Kentucky Horseman David Greathouse Dies

Kentucky Horseman David Greathouse Dies
Photo: Courtesy Emma Greathouse
David Greathouse

David Greathouse, a second-generation horseman, owner of Greathouse Bloodstock, and partner in Four Star Sales, died Oct. 8 at St. Joseph Hospital in Lexington, after an illness. He was 63.

Greathouse was a member of the Keeneland Club and previously served as a member of the board of the Thoroughbred Club of America. Along with brothers John, Allen, and Edward, Greathouse was involved in the operation of 800-acre Glencrest Farm, the Midway, Ky., nursery started by their father, John W. Greathouse.

Glencrest Farm has bred alone and in partnership at least 44 stakes winners and raced another 16 stakes winners as an owner or co-owner since 1991. Among the many outstanding horses the farm has bred were grade I stakes winners Adieu, Dream Empress, Pike Place Dancer, Roamin Rachel, Zoftig, and 2010 U.S. steeplechase champion Slip Away.

As an owner, Glencrest has caught lightning in a bottle several times with top fillies and mares. From 2004 through 2007, the farm won 10 stakes (seven of them graded stakes) with Honey Ryder (Lasting Approval—Cuando Quiere, by Affirmed) who was bought for $70,000 as a yearling out of the Wimborne Farm dispersal. She would go on to win more than $2.78 million and capture the Flower Bowl Invitational Handicap (gr. IT), the Sheepshead Bay Handicap (gr. IIT) twice, the Orchid Handicap (gr. IIT in 2005, gr. IIIT 2006) twice, The Very One Handicap (gr. IIIT), and the Glens Falls Handicap (gr. IIIT). Honey Ryder was named Kentucky's champion grass mare for 2005 and 2006.

Glencrest also raced multiple grade I winner Devil May Care (Malibu Moon  —Kelli's Ransom, by Red Ransom), who won the Frizette Stakes (gr. I) at 2 and took the Bonnie Miss Stakes (gr. II) at Gulfstream Park by 2 3/4 lengths in her second start at 3. Instead of contesting the Kentucky Oaks (gr. I), however, her owners took a chance in the 2010 Kentucky Derby Presented by Yum! Brands (gr. I), where she was unplaced. Devil May Care redeemed herself later in the year by winning the Mother Goose Stakes (gr. I) and the Betfair TVG Coaching Club American Oaks (gr. I).

Kerry Cauthen, managing partner of Four Star Sales, said that although Greathouse had been ill, he had been doing well and his death came as a surprise.

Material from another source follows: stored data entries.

lemma pd_copula_diagonal:
  assumes "u \<in> {0<..1}" "ereal (2 * pd_phi_real lam u) < pd_phi lam 0"
  shows "pd_copula lam u u \<in> {0<..u}"
    and "pd_phi_real lam (pd_copula lam u u) = 2 * pd_phi_real lam u"
proof -
  have "0 \<le> 2 * pd_phi_real lam u"
    using assms(1) pd_phi_real_nonneg[of u lam] by simp
  then obtain v where v: "v \<in> {0<..1}" "pd_phi_real lam v = 2 * pd_phi_real lam u"
    using ex_pd_phi_real_eq[OF _ assms(2)] by blast
  have "pd_copula lam u u = pd_phi_pinv lam (pd_phi lam v)"
    using assms(1) v by (simp add: pd_copula_def)
  also have "\<dots> = v"
    using v by (intro pd_phi_pinv_pd_phi) auto
  finally have "pd_copula lam u u = v" .
  moreover have "v \<le> u"
    using v assms(1) pd_phi_real_nonneg[of u lam] pd_phi_real_le_cancel_iff[of u v lam] by simp
  ultimately show "pd_copula lam u u \<in> {0<..u}"
    and "pd_phi_real lam (pd_copula lam u u) = 2 * pd_phi_real lam u"
    using v by auto
qed

lemma tendsto_ratio_comp_of_asymp:
  fixes f g :: "'a \<Rightarrow> real" and v :: "'a \<Rightarrow> 'a"
  assumes lim: "((\<lambda>x. f x / g x) \<longlongrightarrow> c) F" and "c \<noteq> 0"
    and v: "filterlim v F F"
    and scaled: "\<forall>\<^sub>F x in F. f (v x) = a * f x"
    and nonzero: "\<forall>\<^sub>F x in F. f x \<noteq> 0 \<and> g x \<noteq> 0"
  shows "((\<lambda>x. g (v x) / g x) \<longlongrightarrow> a) F"
proof -
  have "((\<lambda>x. a * (f x / g x) / (f (v x) / g (v x))) \<longlongrightarrow> a * c / c) F"
    using \<open>c \<noteq> 0\<close> by (intro tendsto_intros lim filterlim_compose[OF lim v])
  moreover have "\<forall>\<^sub>F x in F. a * (f x / g x) / (f (v x) / g (v x)) = g (v x) / g x"
    using nonzero eventually_compose_filterlim[OF nonzero v] scaled
    by eventually_elim (auto simp: field_simps)
  ultimately show ?thesis
    using \<open>c \<noteq> 0\<close> by (simp add: tendsto_cong)
qed

lemma pd_copula_diagonal_eventually_zero:
  assumes "lam > -1"
  shows "\<forall>\<^sub>F u in at_right 0. pd_copula lam u u = 0"
proof -
  define c where "c = 1 / (lam + 1)"
  have "0 < c"
    using assms by (simp add: c_def)
  then have "c / 2 < c" by simp
  moreover have "(pd_phi_real lam \<longlongrightarrow> c) (at_right 0)"
    using pd_phi_real_tendsto_0[OF assms] by (simp add: c_def)
  ultimately have "\<forall>\<^sub>F u in at_right 0. 0 < u \<and> c / 2 < pd_phi_real lam u"
    by (intro eventually_conj eventually_at_right_less order_tendstoD(1))
  then show ?thesis
  proof eventually_elim
    case (elim u)
    then have "\<not> ereal (2 * pd_phi_real lam u) < pd_phi lam 0"
      using assms by (simp add: pd_phi_zero flip: c_def)
    with elim show ?case by (simp add: pd_copula_def pd_phi_pinv_def)
  qed
qed

lemma pd_copula_diagonal_minus_one_bounds:
  assumes "0 < u" "u < 1"
  shows "pd_copula (-1) u u \<in> {0<..exp 2 * u\<^sup>2}"
proof -
  define v where "v = pd_copula (-1) u u"
  have "ereal (2 * pd_phi_real (-1) u) < pd_phi (-1) 0"
    by (simp add: pd_phi_zero)
  with assms have v: "0 < v" "v \<le> u" "pd_phi_real (-1) v = 2 * pd_phi_real (-1) u"
    using pd_copula_diagonal[of u "-1"] by (auto simp: v_def)
  then have "ln v = v + 1 - 2 * u + 2 * ln u"
    by (simp add: pd_phi_real_def algebra_simps)
  also have "\<dots> \<le> ln (exp 2 * u\<^sup>2)"
    using assms v by (simp add: ln_mult ln_realpow)
  finally show ?thesis
    using v assms by (simp flip: v_def)
qed

lemma pd_copula_lower_tail_minus_one:
  "((\<lambda>u. pd_copula (-1) u u / u) \<longlongrightarrow> 0) (at_right 0)"
proof (rule tendsto_sandwich)
  have "\<forall>\<^sub>F u in at_right 0. u \<in> {0<..<1::real}"
    by (rule eventually_at_right_real) simp
  then show "\<forall>\<^sub>F u in at_right 0. 0 \<le> pd_copula (-1) u u / u"
    and "\<forall>\<^sub>F u in at_right 0. pd_copula (-1) u u / u \<le> exp 2 * u"
    by (eventually_elim;
        use pd_copula_diagonal_minus_one_bounds in \<open>force simp: field_simps power2_eq_square\<close>)+
  show "((\<lambda>u::real. exp 2 * u) \<longlongrightarrow> 0) (at_right 0)"
    by real_asymp
qed simp

lemma pd_copula_lower_tail_less_minus_one:
  assumes "lam < -1"
  shows "((\<lambda>u. pd_copula lam u u / u) \<longlongrightarrow> 2 powr (1 / (lam + 1))) (at_right 0)"
proof -
  define A where "A = lam + 1"
  let ?v = "\<lambda>u. pd_copula lam u u"
  have "\<forall>\<^sub>F u in at_right 0. u \<in> {0<..<1::real}"
    by (rule eventually_at_right_real) simp
  then have diag: "\<forall>\<^sub>F u in at_right 0. u \<in> {0<..<1} \<and> ?v u \<in> {0<..u} \<and>
      pd_phi_real lam (?v u) = 2 * pd_phi_real lam u"
    by eventually_elim (use assms pd_copula_diagonal in \<open>auto simp: pd_phi_zero\<close>)
  have "(?v \<longlongrightarrow> 0) (at_right 0)"
  proof (rule tendsto_sandwich[OF _ _ tendsto_const tendsto_ident_at])
    show "\<forall>\<^sub>F u in at_right 0. 0 \<le> ?v u" "\<forall>\<^sub>F u in at_right 0. ?v u \<le> u"
      using diag by (auto elim: eventually_mono)
  qed
  with diag have v_lim: "filterlim ?v (at_right 0) (at_right 0)"
    by (auto simp: filterlim_at elim: eventually_mono)
  have "((\<lambda>u. ?v u powr A / u powr A) \<longlongrightarrow> 2) (at_right 0)"
  proof (rule tendsto_ratio_comp_of_asymp[OF pd_phi_real_over_powr_tendsto_0[OF assms, folded A_def]
        _ v_lim])
    show "1 / (lam * A) \<noteq> 0"
      using assms by (simp add: A_def)
    show "\<forall>\<^sub>F u in at_right 0. pd_phi_real lam (?v u) = 2 * pd_phi_real lam u"
      "\<forall>\<^sub>F u in at_right 0. pd_phi_real lam u \<noteq> 0 \<and> u powr A \<noteq> 0"
      using diag by (auto elim!: eventually_mono dest: pd_phi_real_pos[of _ lam])
  qed
  then have "((\<lambda>u. (?v u powr A / u powr A) powr (1 / A)) \<longlongrightarrow> 2 powr (1 / A)) (at_right 0)"
    by (rule tendsto_powr) simp_all
  moreover have "\<forall>\<^sub>F u in at_right 0. (?v u powr A / u powr A) powr (1 / A) = ?v u / u"
    using diag by eventually_elim (use assms in \<open>simp add: A_def powr_divide powr_powr\<close>)
  ultimately show ?thesis
    by (simp add: A_def tendsto_cong)
qed

lemma pd_copula_lower_tail:
  "((\<lambda>u. pd_copula lam u u / u) \<longlongrightarrow> (if lam < -1 then 2 powr (1 / (lam + 1)) else 0)) (at_right 0)"
proof -
  consider "lam > -1" | "lam = -1" | "lam < -1" by linarith
  then show ?thesis
  proof cases
    case 1
    have "\<forall>\<^sub>F u in at_right 0. pd_copula lam u u / u = 0"
      using pd_copula_diagonal_eventually_zero[OF 1] by (rule eventually_mono) simp
    with 1 show ?thesis
      by (simp add: tendsto_eventually)
  qed (simp_all add: pd_copula_lower_tail_minus_one pd_copula_lower_tail_less_minus_one)
qed

lemma eventually_pd_copula_diagonal_at_left_1:
  "\<forall>\<^sub>F u in at_left 1. u \<in> {0<..<1} \<and> pd_copula lam u u \<in> {0<..u} \<and>
     pd_phi_real lam (pd_copula lam u u) = 2 * pd_phi_real lam u"
proof -
  have "\<forall>\<^sub>F u in at_left 1. ereal (2 * pd_phi_real lam u) < pd_phi lam 0"
  proof (cases "lam \<le> -1")
    case False
    have "0 < 1 / (lam + 1)"
      using False by simp
    with tendsto_mult_right_zero[OF pd_phi_real_tendsto_1[of lam], of 2]
    have "\<forall>\<^sub>F u in at_left 1. 2 * pd_phi_real lam u < 1 / (lam + 1)"
      by (rule order_tendstoD(2))
    with False show ?thesis
      by (simp add: pd_phi_zero)
  qed (simp add: pd_phi_zero)
  moreover have "\<forall>\<^sub>F u in at_left 1. u \<in> {0<..<1::real}"
    by (rule eventually_at_left_real) simp
  ultimately show ?thesis
    by eventually_elim (use pd_copula_diagonal in auto)
qed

He said the horseman will be sorely missed.

"He was one of the originals in the game and it is great loss," Cauthen said. "He was the best."

Cauthen said Greathouse was an insightful participant in all aspects of the industry and had the ability to adapt to the changing business climate.

"He was a participant in every part of the game. He would always find the void in the industry and adjust accordingly," Cauthen said. "Over the last seven or so years, he had very successful weanling to yearling pinhooking partnerships and partnerships that pinhooked yearlings to 2-year-olds."

Visitation will be held Thursday, Oct 10 from 4-8 p.m., at Kerr Brothers Funeral Home on Harrodsburg Road in Lexington. Private funeral services will be held Friday, Oct.11. 

In lieu of flowers, contributions in honor of David Greathouse are suggested to Sloan-Kettering Cancer Center, Dept. of Radiology, 1275 York Ave., Room C-278, New York, NY 10065.